WO2008112309A1 - Multi-curvature convex mirror having enhanced field of vision - Google Patents

Abstract

A multi-curvature convex mirror is comprised of a reflective surface having a first reflective sub-area having a first curvature and a second reflective sub-area having a second curvature. The first and second reflective sub-areas are collectively defined by a series of locations, each defined by an x, y and z coordinate, determined in accordance with the relationship z = x/a + y/b where 600 ≤ a ≤ 1,300 and 100 ≤ |b-a| ≤ 200. If the multi-curvature convex mirror is configured to provide a vertically oriented field of vision, the relationship is further limited by the requirement that a<b. Conversely, if the multi-curvature convex mirror is configured to provide a horizontally oriented field of vision, the relationship is further limited by the requirement that a>b.

Description

TITLE

Multi-Curvature Convex Mirror having Enhanced Field of Vision FIELD OF THE DISCLOSURE

The present disclosure relates to mirrors and, more particularly, to a convex mirror having multiple reflecting surfaces, each having a respective curvature.

BACKGROUND

To enhance safety during operation thereof, many vehicles, for example, trucks, buses and automobiles, employ mirror systems that enable the drivers of the vehicles to see behind and/or to the side of the vehicle without turning their head in that direction. Such mirror systems typically include an interiorly-located mirror, commonly known as a "rear view" mirror, mounted in proximity to the upper interior side surface of the windshield and a pair of exteriorly-located mirrors, commonly known as "side view" mirrors, respectively mounted on a forward portion of the door assemblies for the driver and front seat passenger.

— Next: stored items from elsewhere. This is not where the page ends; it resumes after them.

theorem card_solutions_le:
  "2 * card {x. f (x + a) - f x = c} \<le> card W * (4 * card W - 3)"
proof -
  have "card {x. f (x + a) - f x = c} \<le> card (\<Union>(w\<^sub>1, w\<^sub>2)\<in>W \<times> W. class_solutions w\<^sub>1 w\<^sub>2)"
    by (intro card_mono solutions_subset_classes) simp
  also have "\<dots> \<le> (\<Sum>(w\<^sub>1, w\<^sub>2)\<in>W \<times> W. card (class_solutions w\<^sub>1 w\<^sub>2))"
    by (rule order.trans[OF card_UN_le]) (simp_all add: split_def)
  also have "\<dots> = (\<Sum>w\<in>W. row_count w)"
    by (simp add: row_count_def sum.cartesian_product)
  moreover have "(\<Sum>w\<in>W. row_count (- w)) = (\<Sum>w\<in>W. row_count w)"
    by (rule sum.reindex_bij_witness[of _ uminus uminus])
      (auto intro: uminus_in_nonzero_powers[OF odd_s])
  ultimately have "2 * card {x. f (x + a) - f x = c}
      \<le> (\<Sum>w\<in>W. row_count w) + (\<Sum>w\<in>W. row_count (- w))"
    by simp
  also have "\<dots> = (\<Sum>w\<in>W. row_count w + row_count (- w))"
    by (rule sum.distrib[symmetric])
  also have "\<dots> \<le> card W * (4 * card W - 3)"
    using sum_bounded_above[of W "\<lambda>w. row_count w + row_count (- w)"] row_count_antipodal_le
    by simp
  finally show ?thesis .
qed

end

lemma permutation_poly_imp_poly_power_neq_0:
  fixes h :: "'a::{finite,comm_ring_1,ring_no_zero_divisors} poly"
  assumes "permutation_poly (monom 1 2 * pcompose h (monom 1 s))" "x \<noteq> 0"
  shows "poly h (x ^ s) \<noteq> 0"
proof
  let ?F = "poly (monom 1 2 * pcompose h (monom 1 s))"
  assume "poly h (x ^ s) = 0"
  then have "?F x = ?F 0"
    by (simp add: poly_pcompose poly_monom)
  moreover have "inj ?F"
    using assms(1) by (simp add: permutation_poly_def bij_def)
  ultimately have "x = 0"
    by (metis injD)
  with assms(2) show False ..
qed

lemma diff_uniformity_le:
  fixes h :: "'a::{finite,field} poly"
  assumes "odd s" "s * d = card (UNIV :: 'a set) - 1" "(2::'a) \<noteq> 0"
    and perm: "permutation_poly (monom 1 2 * pcompose h (monom 1 s))"
  shows "2 * diff_uniformity (poly (monom 1 2 * pcompose h (monom 1 s))) \<le> d * (4 * d - 3)"
proof -
  let ?F = "poly (monom 1 2 * pcompose h (monom 1 s))"
  obtain a c where "a \<noteq> 0" and \<delta>: "diff_uniformity ?F = card {x. ?F (x + a) - ?F x = c}"
    by (rule diff_uniformity_attained)
  interpret difference_equation "poly h" s a c
    using assms \<open>a \<noteq> 0\<close> permutation_poly_imp_poly_power_neq_0[OF perm] by unfold_locales
  have "?F = f"
    by (simp add: fun_eq_iff f_def poly_pcompose poly_monom)
  have "card W \<le> d"
    using card_nonzero_powers_le[OF assms(2)] .
  then have "card W * (4 * card W - 3) \<le> d * (4 * d - 3)"
    by (intro mult_le_mono diff_le_mono) simp_all
  with card_solutions_le show ?thesis
    unfolding \<delta> unfolding \<open>?F = f\<close> by (rule order.trans)
qed

theorem theorem1p4:
  fixes h :: "'a::{finite,field} poly" and d :: nat
  assumes q_odd_prime_power: "\<exists>(p::nat) k::nat. prime p \<and> odd p \<and> k > 0 \<and> card (UNIV :: 'a set) = p ^ k"
    and d_even: "even d"
    and d_dvd: "d dvd (card (UNIV :: 'a set) - 1)"
    and quot_odd: "odd ((card (UNIV :: 'a set) - 1) div d)"
    and perm: "permutation_poly
                 (monom 1 2 * pcompose h (monom 1 ((card (UNIV :: 'a set) - 1) div d)))"
  shows "real (diff_uniformity
                 (poly (monom 1 2 * pcompose h (monom 1 ((card (UNIV :: 'a set) - 1) div d)))))
           \<le> 2 * real d ^ 2 - 3 / 2 * real d"
proof -
  let ?\<delta> = "diff_uniformity (poly (monom 1 2 * pcompose h (monom 1 ((card (UNIV :: 'a set) - 1) div d))))"
  have "odd (card (UNIV :: 'a set))"
    using q_odd_prime_power by auto
  then have "(2::'a) \<noteq> 0"
    by (rule odd_card_imp_two_neq_zero)
  moreover have "(card (UNIV :: 'a set) - 1) div d * d = card (UNIV :: 'a set) - 1"
    using d_dvd by simp
  ultimately have "2 * ?\<delta> \<le> d * (4 * d - 3)"
    using diff_uniformity_le quot_odd perm by blast
  then have "real (2 * ?\<delta>) \<le> real (d * (4 * d - 3))"
    by (rule of_nat_mono)
  also have "\<dots> = 2 * (2 * real d ^ 2 - 3 / 2 * real d)"
    by (cases d) (simp_all add: of_nat_diff power2_eq_square algebra_simps)
  finally show ?thesis
    by simp
qed

end
(* Let $\mathcal{H}$ be a finite hypothesis class of maps $\mathcal{X}\times\{-1,1\}\to\{-1,1\}$ containing the constant classifiers, let $\mathcal{D}_E$ be an empirical distribution over labeled examples $(\hat x,a,y)$, let $\gamma\ge0$, and let $\{(x_j,c_j^{-1},c_j^{+1})\}_{j=1}^n$ be a cost-sensitive classification instance with real costs. Then the FairCSC problem $$\min_{\pi\in\Delta(\mathcal{H})}\ \mathbb{E}_{h\sim\pi}\Big[\sum_{j=1}^n c_j^{h(x_j)}\Big]\quad\text{subject to}\quad |\Delta_{FPR}(\pi,\mathcal{D}_E)|\le\gamma$$ has an optimal solution that is a distribution over $\mathcal{H}$ with support size at most $2$.
   Context: $\Delta(\mathcal{H})$ is the set of probability distributions over $\mathcal{H}$. For $j\in\{-1,1\}$, $FPR_j(\pi,\mathcal{D}_E)=\mathbb{E}_{h\sim\pi}[\Pr_{(x,y)\sim\mathcal{D}_E}(h(x)=+1\mid a=j,y=-1)]$ with $x=(\hat x,a)$, and $\Delta_{FPR}(\pi,\mathcal{D}_E)=FPR_1(\pi,\mathcal{D}_E)-FPR_{-1}(\pi,\mathcal{D}_E)$ (assume $\mathcal{D}_E$ contains examples with $y=-1$ in each group so these rates are defined). *)

theory Defs
  imports "HOL-Probability.Probability"
begin

(* Examples are triples (xhat, a, y) with a, y in {-1,1} (encoded as int).
   A hypothesis maps x = (xhat, a) to a label in {-1,1} (encoded as int). *)

type_synonym 'x hyp = "'x \<times> int \<Rightarrow> int"

definition cond_fp :: "('x \<times> int \<times> int) pmf \<Rightarrow> 'x hyp \<Rightarrow> int \<Rightarrow> real" where
  "cond_fp D h j =
     measure_pmf.prob D {(xh, a, y). h (xh, a) = 1 \<and> a = j \<and> y = -1}
     / measure_pmf.prob D {(xh, a, y). a = j \<and> y = -1}"
lemma approaches_classes_eventually_near:
  assumes A: "lies_in_one_class f C A" and u: "approaches_classes f C A u" and "\<delta> > 0"
  obtains N where "\<forall>i\<ge>N. \<exists>a\<in>class_at f C A \<delta>. dist (u i) ((f ^^ i) a) < \<delta>"
proof -
  have "A \<noteq> {}" using A by (auto simp: lies_in_one_class_def)
  then have ne: "(f ^^ i) ` class_at f C A \<delta> \<noteq> {}" for i using class_at_bounds(1)[OF A \<open>\<delta> > 0\<close>] by blast
  have "(\<lambda>i. infdist (u i) ((f ^^ i) ` class_at f C A \<delta>)) \<longlonglongrightarrow> 0"
    using u \<open>\<delta> > 0\<close> unfolding approaches_classes_def by blast
  then have "eventually (\<lambda>i. infdist (u i) ((f ^^ i) ` class_at f C A \<delta>) < \<delta>) sequentially"
    using \<open>\<delta> > 0\<close> by (rule order_tendstoD(2))
  then obtain N where N: "\<forall>i\<ge>N. infdist (u i) ((f ^^ i) ` class_at f C A \<delta>) < \<delta>"
    unfolding eventually_sequentially by blast
  have "\<exists>a\<in>class_at f C A \<delta>. dist (u i) ((f ^^ i) a) < \<delta>" if i: "N \<le> i" for i
  proof -
    obtain b where "b \<in> (f ^^ i) ` class_at f C A \<delta>" "dist (u i) b < \<delta>"
      using infdist_lessE[OF ne N[rule_format, OF i]] by blast
    then show ?thesis by blast
  qed
  then show ?thesis using that by blast
qed

text \<open>Follow the orbit of w until it is close to the orbit of a point a of the class, jump to
  the orbit of a, and cross the class by a chain of exactly the remaining length to a point close to P T.\<close>
lemma chain_from_stable_point_to_classes:
  assumes A: "lies_in_one_class f C A" and w: "w \<in> stable_set_class f C A"
    and P: "approaches_classes f C A P" and "\<delta> > 0"
  obtains T0 where "\<forall>T\<ge>T0. chain_of_length f UNIV \<delta> T w (P T)"
proof -
  define \<gamma> where "\<gamma> = \<delta> / 2"
  have "\<gamma> > 0" using \<open>\<delta> > 0\<close> by (simp add: \<gamma>_def)
  define E where "E = class_at f C A \<gamma>"
  obtain p where E: "E = {y. cyc_rel f C \<gamma> p y}"
    using lies_in_one_class_class_at[OF A \<open>\<gamma> > 0\<close>] unfolding E_def by blast
  have "E \<subseteq> C" using class_at_bounds(2)[OF A \<open>\<gamma> > 0\<close>] unfolding E_def .
  have same_class: "cyc_rel f C \<gamma> a b" if "a \<in> E" "b \<in> E" for a b
    using cyc_rel_trans[OF cyc_rel_sym[OF \<open>\<gamma> > 0\<close>]] that unfolding E by blast
  obtain N0 where N0: "\<forall>i\<ge>N0. \<exists>a\<in>E. dist ((f ^^ i) w) ((f ^^ i) a) < \<gamma>"
    using approaches_classes_eventually_near[OF A w[unfolded stable_set_class_iff[OF A]] \<open>\<gamma> > 0\<close>]
    unfolding E_def by blast
  define N where "N = Suc N0"
  have "1 \<le> N" "N0 \<le> N" by (simp_all add: N_def)
  then obtain a where a: "a \<in> E" "dist ((f ^^ N) w) ((f ^^ N) a) < \<gamma>" using N0 by blast
  define u where "u = (f ^^ N) a"
  have "u \<in> C" using a(1) \<open>E \<subseteq> C\<close> funpow_in_component by (auto simp: u_def)
  obtain L0 where L0: "\<And>v k L. chain_of_length f C \<gamma> k u v \<Longrightarrow> L0 \<le> L \<Longrightarrow> [k = L] (mod cycle_gcd f C \<gamma>)
      \<Longrightarrow> chain_of_length f C \<gamma> L u v"
    using chain_of_length_all_large_lengths[OF \<open>u \<in> C\<close> \<open>\<gamma> > 0\<close>] by blast
  obtain M where M: "\<forall>i\<ge>M. \<exists>b\<in>E. dist (P i) ((f ^^ i) b) < \<gamma>"
    using approaches_classes_eventually_near[OF A P \<open>\<gamma> > 0\<close>] unfolding E_def by blast
  have "chain_of_length f UNIV \<delta> T w (P T)" if T: "N + L0 + M \<le> T" for T
  proof -
    have "M \<le> T" using T by simp
    then obtain b where b: "b \<in> E" "dist (P T) ((f ^^ T) b) < \<gamma>" using M by blast
    have "N \<le> T" "L0 \<le> T - N" using T by simp_all
    obtain k where "chain_of_length f C \<gamma> k u ((f ^^ T) b)" "[k = T - N] (mod cycle_gcd f C \<gamma>)"
      using chain_of_length_between_class_orbits[OF same_class[OF a(1) b(1)] \<open>\<gamma> > 0\<close> \<open>1 \<le> N\<close> \<open>N \<le> T\<close>]
      unfolding u_def by blast
    then have "chain_of_length f C \<gamma> (T - N) u ((f ^^ T) b)" using L0 \<open>L0 \<le> T - N\<close> by blast
    then have to_b: "chain_of_length f UNIV \<gamma> (T - N) u ((f ^^ T) b)"
      using chain_of_length_mono by blast
    have "chain_of_length f UNIV 0 N w ((f ^^ N) w)"
      using chain_of_length_orbit[of N 0 f w UNIV] \<open>1 \<le> N\<close> by simp
    then have "chain_of_length f UNIV (0 + \<gamma>) N w u"
      by (rule chain_of_length_move_end) (use a(2) in \<open>auto simp: u_def\<close>)
    then have "chain_of_length f UNIV \<gamma> (N + (T - N)) w ((f ^^ T) b)"
      using chain_of_length_trans[OF _ to_b] by simp
    then have "chain_of_length f UNIV \<gamma> T w ((f ^^ T) b)" using \<open>N \<le> T\<close> by simp
    then have "chain_of_length f UNIV (\<gamma> + \<gamma>) T w (P T)"
      by (rule chain_of_length_move_end) (use b(2) in \<open>auto simp: dist_commute\<close>)
    then show ?thesis by (simp add: \<gamma>_def)
  qed
  then show ?thesis using that by blast
qed
lemma olp_table_invariant_slot_mset:
  assumes "set hs \<subseteq> {0..<n}" "length hs < n"
  shows "olp_invariant n (olp_table n hs) \<and>
    slot_mset n (olp_table n hs) = mset (map Some hs) + replicate_mset (n - length hs) None"
  using assms
proof (induction hs rule: rev_induct)
  case Nil
  have "slot_mset n (\<lambda>_. None) = replicate_mset n None"
    unfolding slot_mset_def by (simp add: map_replicate_const mset_replicate)
  then show ?case unfolding olp_table_def olp_invariant_def by simp
next
  case (snoc x hs)
  define T where "T = olp_table n hs"
  have IH: "olp_invariant n T" "slot_mset n T = mset (map Some hs) + replicate_mset (n - length hs) None"
    using snoc unfolding T_def by auto
  have x: "x < n" using snoc.prems by auto
  have "None \<in># slot_mset n T" using IH(2) snoc.prems by simp
  then obtain s0 where "s0 < n" "T s0 = None" unfolding slot_mset_def by auto
  then interpret olp_insertion n T x s0 using IH(1) x by unfold_locales
  have "olp_table n (hs @ [x]) = olp_insert n T x" unfolding olp_table_def T_def by simp
  moreover have "n - length hs = Suc (n - length (hs @ [x]))" using snoc.prems by simp
  ultimately show ?case using olp_insert_invariant slot_mset_olp_insert IH(2) by simp
qed

lemma card_slots_with:
  assumes "slot_mset n T = mset (map Some hs) + replicate_mset k None"
  shows "card {s. s < n \<and> P (T s)} = length (filter (\<lambda>h. P (Some h)) hs) + (if P None then k else 0)"
proof -
  have "card {s. s < n \<and> P (T s)} = length (filter P (map T [0..<n]))"
    unfolding length_filter_conv_card by (intro arg_cong[where f = card]) auto
  also have "\<dots> = size (filter_mset P (slot_mset n T))"
    unfolding slot_mset_def by (metis mset_filter size_mset)
  also have "\<dots> = size (filter_mset P (mset (map Some hs))) + size (filter_mset P (replicate_mset k None))"
    by (simp only: assms filter_union_mset size_union)
  also have "size (filter_mset P (mset (map Some hs))) = length (filter (\<lambda>h. P (Some h)) hs)"
    by (induction hs) auto
  also have "size (filter_mset P (replicate_mset k None)) = (if P None then k else 0)"
    by (induction k) auto
  finally show ?thesis .
qed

Most mirrors used to enable a driver to look behind or to one side of a vehicle may be classified as flat, convex or aspherical mirrors. A flat mirror has a generally planar reflective surface that tends to produce true and undistorted reflections of objects. However, because the field of vision produced by the planar reflective surface is relatively narrow, e.g., is typically bounded by planes generally orthogonal to the edges of the reflective surface, flat mirrors are characterized by a relatively large blind spot. In contrast, a convex mirror has a curved reflective surface and, when compared to a flat mirror, is generally characterized by a greater field of vision and a smaller blind spot. Indeed, as the curvature of the reflective surface is increased, the field of vision for the convex mirror increases while the size of the blind spot decreases. Thus, a mirror having a convexly curved reflecting surface will rectify many of the shortcomings of a mirror having a generally flat reflecting surface. Unfortunately, convex mirrors are not without their own shortcomings, most notably, distortions in the images of objects reflected thereby and difficulties when attempting to accurately judge the distance separating the mirror from the reflected objects. Furthermore, the severity of these shortcomings tends to worsen as the curvature of the reflective surface increases.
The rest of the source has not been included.